In the entries that follow, find the line containing "text \<open>RBC guarantees"; from there, copy every line exactly through the line containing "n F \<longrightarrow>".

====== Records to use

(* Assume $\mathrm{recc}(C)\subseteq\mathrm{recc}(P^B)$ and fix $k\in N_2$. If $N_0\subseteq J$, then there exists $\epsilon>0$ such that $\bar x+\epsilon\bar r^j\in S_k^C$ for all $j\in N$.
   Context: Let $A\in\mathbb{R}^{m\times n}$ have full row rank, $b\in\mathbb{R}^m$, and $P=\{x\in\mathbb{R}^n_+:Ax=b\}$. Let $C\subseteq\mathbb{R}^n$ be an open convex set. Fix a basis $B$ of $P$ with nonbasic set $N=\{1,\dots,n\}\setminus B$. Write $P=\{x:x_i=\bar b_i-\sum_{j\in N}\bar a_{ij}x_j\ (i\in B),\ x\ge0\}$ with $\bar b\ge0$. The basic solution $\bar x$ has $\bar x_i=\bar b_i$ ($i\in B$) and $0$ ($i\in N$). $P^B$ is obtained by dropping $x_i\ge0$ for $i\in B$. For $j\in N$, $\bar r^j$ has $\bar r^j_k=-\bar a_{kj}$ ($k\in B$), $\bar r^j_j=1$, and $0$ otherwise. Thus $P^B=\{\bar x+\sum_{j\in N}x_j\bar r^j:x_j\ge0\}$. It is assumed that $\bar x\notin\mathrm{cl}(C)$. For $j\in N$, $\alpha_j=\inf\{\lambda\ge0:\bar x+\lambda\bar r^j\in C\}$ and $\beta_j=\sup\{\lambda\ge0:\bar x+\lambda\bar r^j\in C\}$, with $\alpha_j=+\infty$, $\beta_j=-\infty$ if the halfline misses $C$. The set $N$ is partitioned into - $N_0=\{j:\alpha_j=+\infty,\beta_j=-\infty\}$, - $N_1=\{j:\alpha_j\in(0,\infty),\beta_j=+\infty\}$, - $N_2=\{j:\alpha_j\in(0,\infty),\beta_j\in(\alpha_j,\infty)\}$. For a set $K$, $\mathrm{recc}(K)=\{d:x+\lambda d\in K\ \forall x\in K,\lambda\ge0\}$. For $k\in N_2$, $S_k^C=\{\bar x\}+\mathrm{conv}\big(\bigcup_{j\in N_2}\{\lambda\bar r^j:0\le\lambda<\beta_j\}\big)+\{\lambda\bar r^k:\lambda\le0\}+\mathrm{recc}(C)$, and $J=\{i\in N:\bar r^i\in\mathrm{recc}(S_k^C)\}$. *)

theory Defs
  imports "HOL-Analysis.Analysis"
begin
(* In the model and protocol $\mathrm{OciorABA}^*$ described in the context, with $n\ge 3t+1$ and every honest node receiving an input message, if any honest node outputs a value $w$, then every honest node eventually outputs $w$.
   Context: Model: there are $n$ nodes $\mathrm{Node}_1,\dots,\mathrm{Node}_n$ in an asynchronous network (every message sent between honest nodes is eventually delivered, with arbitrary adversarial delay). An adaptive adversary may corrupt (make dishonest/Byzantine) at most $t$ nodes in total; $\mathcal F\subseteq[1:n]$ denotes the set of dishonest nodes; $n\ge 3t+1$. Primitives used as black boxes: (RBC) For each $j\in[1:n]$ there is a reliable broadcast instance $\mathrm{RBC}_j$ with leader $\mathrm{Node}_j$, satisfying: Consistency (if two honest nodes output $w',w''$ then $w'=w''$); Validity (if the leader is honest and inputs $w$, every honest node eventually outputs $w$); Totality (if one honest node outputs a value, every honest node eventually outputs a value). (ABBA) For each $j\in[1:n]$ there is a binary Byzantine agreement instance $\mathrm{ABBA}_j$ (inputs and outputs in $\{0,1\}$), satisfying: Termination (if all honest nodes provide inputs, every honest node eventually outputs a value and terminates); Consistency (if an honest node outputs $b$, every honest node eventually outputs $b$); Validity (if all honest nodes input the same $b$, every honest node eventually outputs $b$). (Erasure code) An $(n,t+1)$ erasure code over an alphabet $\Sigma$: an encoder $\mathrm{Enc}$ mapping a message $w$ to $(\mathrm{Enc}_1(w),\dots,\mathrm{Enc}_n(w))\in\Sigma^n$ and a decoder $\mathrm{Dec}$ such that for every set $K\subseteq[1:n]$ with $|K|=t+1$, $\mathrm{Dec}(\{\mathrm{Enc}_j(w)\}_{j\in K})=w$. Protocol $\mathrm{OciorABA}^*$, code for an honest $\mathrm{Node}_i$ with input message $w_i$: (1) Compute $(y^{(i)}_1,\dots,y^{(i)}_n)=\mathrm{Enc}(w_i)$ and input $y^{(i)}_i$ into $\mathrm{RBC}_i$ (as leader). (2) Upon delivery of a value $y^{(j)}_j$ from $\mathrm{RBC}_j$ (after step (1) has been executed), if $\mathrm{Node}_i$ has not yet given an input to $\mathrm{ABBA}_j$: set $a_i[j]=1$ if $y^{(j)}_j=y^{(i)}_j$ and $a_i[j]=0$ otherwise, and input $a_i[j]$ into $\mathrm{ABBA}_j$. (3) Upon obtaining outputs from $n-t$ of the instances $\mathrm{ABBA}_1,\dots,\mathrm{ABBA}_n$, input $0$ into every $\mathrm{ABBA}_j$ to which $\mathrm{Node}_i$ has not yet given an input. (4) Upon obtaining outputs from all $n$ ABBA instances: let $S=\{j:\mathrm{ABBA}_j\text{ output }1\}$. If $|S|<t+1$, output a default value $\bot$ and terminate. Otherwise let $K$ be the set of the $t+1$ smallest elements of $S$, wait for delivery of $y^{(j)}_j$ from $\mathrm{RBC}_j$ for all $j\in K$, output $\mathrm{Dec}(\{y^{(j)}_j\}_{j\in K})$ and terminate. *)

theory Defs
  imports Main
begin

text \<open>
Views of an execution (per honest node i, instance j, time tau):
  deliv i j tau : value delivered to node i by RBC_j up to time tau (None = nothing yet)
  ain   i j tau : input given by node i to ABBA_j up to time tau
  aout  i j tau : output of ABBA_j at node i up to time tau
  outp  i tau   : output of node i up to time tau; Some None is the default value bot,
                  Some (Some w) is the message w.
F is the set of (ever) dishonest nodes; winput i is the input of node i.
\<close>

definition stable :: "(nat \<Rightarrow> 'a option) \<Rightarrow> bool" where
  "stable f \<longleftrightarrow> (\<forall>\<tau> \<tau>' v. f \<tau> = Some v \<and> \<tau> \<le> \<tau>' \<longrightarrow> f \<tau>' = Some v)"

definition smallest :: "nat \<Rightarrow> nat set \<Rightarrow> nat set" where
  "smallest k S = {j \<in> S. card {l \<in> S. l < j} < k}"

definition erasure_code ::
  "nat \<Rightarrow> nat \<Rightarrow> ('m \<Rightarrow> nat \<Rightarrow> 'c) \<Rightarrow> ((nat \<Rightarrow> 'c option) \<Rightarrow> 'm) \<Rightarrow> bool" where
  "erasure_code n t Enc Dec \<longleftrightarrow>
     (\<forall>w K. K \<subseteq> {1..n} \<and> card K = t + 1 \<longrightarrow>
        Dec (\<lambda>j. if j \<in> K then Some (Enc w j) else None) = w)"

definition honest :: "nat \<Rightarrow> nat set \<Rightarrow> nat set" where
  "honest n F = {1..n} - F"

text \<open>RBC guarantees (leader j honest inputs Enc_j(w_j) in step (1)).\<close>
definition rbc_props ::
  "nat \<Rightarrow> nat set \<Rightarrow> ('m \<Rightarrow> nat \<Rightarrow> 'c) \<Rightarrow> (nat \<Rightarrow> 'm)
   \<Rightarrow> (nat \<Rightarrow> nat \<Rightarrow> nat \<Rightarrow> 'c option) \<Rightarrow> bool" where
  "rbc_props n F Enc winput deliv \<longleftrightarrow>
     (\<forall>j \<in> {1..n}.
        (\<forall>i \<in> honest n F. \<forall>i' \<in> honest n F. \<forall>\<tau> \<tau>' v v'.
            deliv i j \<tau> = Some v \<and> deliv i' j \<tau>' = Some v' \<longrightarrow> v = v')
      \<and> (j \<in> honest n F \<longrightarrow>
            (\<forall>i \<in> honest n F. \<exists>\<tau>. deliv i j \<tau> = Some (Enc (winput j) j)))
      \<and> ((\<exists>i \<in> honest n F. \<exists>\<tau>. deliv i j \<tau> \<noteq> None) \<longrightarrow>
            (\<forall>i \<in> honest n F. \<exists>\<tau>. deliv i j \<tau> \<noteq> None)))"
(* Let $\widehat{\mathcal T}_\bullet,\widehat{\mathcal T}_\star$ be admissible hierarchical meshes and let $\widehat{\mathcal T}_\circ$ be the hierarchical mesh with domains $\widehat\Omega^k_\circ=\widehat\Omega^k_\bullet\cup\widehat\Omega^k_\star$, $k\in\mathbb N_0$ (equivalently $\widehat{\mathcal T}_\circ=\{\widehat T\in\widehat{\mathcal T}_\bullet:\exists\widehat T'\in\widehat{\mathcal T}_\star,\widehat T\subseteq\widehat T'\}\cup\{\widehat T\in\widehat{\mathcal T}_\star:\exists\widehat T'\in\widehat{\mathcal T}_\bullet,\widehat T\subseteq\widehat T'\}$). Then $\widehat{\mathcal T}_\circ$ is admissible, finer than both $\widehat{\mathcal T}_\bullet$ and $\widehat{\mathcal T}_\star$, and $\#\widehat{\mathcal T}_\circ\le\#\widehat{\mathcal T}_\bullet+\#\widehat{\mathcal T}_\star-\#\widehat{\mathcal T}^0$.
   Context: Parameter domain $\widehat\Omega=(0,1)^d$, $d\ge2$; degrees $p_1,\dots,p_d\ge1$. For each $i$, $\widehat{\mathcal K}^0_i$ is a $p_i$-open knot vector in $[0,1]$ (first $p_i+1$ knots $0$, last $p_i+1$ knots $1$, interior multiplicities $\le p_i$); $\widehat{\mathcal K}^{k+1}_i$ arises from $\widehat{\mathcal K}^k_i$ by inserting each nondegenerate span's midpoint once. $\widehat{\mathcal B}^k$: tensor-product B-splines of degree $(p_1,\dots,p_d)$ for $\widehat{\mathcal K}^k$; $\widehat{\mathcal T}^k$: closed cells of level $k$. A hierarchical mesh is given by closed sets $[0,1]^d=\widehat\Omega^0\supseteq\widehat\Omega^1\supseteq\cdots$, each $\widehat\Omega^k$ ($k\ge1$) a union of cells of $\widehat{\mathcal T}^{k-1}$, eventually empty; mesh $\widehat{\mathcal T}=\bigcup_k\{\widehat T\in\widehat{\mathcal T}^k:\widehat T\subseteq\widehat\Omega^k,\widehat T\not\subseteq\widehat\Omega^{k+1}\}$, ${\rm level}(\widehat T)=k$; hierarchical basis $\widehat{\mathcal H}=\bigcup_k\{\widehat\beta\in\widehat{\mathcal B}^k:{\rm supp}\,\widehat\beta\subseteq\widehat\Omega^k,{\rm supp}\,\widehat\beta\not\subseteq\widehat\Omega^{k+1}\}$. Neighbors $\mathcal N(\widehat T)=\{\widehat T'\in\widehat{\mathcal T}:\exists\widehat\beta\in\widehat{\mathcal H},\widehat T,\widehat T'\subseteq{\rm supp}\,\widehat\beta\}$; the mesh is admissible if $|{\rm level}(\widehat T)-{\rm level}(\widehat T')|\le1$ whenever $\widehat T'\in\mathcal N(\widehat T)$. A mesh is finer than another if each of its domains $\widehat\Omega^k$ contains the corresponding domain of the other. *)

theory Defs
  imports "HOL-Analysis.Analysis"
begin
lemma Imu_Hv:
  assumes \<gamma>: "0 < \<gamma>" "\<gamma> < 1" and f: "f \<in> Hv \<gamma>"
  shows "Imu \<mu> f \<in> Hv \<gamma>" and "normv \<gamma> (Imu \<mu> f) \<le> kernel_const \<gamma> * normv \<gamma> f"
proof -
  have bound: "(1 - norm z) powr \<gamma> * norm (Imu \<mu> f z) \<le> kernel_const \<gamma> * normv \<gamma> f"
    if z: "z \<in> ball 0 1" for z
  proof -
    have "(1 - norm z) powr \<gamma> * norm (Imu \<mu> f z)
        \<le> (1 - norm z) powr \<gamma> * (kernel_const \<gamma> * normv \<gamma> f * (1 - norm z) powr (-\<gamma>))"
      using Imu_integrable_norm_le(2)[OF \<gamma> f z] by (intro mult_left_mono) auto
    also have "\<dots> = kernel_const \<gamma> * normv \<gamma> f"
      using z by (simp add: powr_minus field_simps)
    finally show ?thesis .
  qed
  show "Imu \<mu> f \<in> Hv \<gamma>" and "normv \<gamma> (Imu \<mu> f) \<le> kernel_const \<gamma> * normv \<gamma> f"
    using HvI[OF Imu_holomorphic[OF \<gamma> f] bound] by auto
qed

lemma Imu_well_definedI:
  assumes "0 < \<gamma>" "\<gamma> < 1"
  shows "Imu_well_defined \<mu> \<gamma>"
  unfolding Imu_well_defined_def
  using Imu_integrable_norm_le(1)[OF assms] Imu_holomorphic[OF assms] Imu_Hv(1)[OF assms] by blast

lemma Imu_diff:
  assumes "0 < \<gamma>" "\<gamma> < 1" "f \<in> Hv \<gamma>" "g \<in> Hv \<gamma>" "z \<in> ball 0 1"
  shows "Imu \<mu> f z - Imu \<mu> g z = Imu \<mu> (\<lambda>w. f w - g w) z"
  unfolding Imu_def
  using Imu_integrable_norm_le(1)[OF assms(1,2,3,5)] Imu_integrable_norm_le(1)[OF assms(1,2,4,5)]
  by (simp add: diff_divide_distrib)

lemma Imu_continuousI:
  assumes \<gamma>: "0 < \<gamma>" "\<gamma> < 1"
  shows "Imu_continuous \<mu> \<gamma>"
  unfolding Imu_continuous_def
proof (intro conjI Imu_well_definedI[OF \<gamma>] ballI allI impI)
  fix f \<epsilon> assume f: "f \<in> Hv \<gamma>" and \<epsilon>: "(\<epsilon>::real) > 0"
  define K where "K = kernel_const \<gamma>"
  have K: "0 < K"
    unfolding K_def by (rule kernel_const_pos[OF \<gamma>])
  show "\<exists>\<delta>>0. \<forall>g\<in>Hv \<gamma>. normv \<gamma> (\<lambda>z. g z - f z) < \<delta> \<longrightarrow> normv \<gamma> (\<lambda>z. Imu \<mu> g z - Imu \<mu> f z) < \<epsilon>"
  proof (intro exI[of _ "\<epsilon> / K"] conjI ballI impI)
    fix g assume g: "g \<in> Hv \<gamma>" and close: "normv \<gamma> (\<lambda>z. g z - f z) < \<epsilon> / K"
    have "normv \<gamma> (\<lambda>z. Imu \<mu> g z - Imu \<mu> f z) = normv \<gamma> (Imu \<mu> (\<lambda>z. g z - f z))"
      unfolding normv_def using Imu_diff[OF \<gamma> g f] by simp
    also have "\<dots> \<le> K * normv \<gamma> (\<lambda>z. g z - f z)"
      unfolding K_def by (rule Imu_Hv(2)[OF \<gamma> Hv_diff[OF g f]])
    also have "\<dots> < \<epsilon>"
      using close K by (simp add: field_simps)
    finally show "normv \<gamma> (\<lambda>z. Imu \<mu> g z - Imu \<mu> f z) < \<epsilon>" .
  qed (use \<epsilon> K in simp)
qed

============

Written response>
text \<open>RBC guarantees (leader j honest inputs Enc_j(w_j) in step (1)).\<close>
definition rbc_props ::
  "nat \<Rightarrow> nat set \<Rightarrow> ('m \<Rightarrow> nat \<Rightarrow> 'c) \<Rightarrow> (nat \<Rightarrow> 'm)
   \<Rightarrow> (nat \<Rightarrow> nat \<Rightarrow> nat \<Rightarrow> 'c option) \<Rightarrow> bool" where
  "rbc_props n F Enc winput deliv \<longleftrightarrow>
     (\<forall>j \<in> {1..n}.
        (\<forall>i \<in> honest n F. \<forall>i' \<in> honest n F. \<forall>\<tau> \<tau>' v v'.
            deliv i j \<tau> = Some v \<and> deliv i' j \<tau>' = Some v' \<longrightarrow> v = v')
      \<and> (j \<in> honest n F \<longrightarrow>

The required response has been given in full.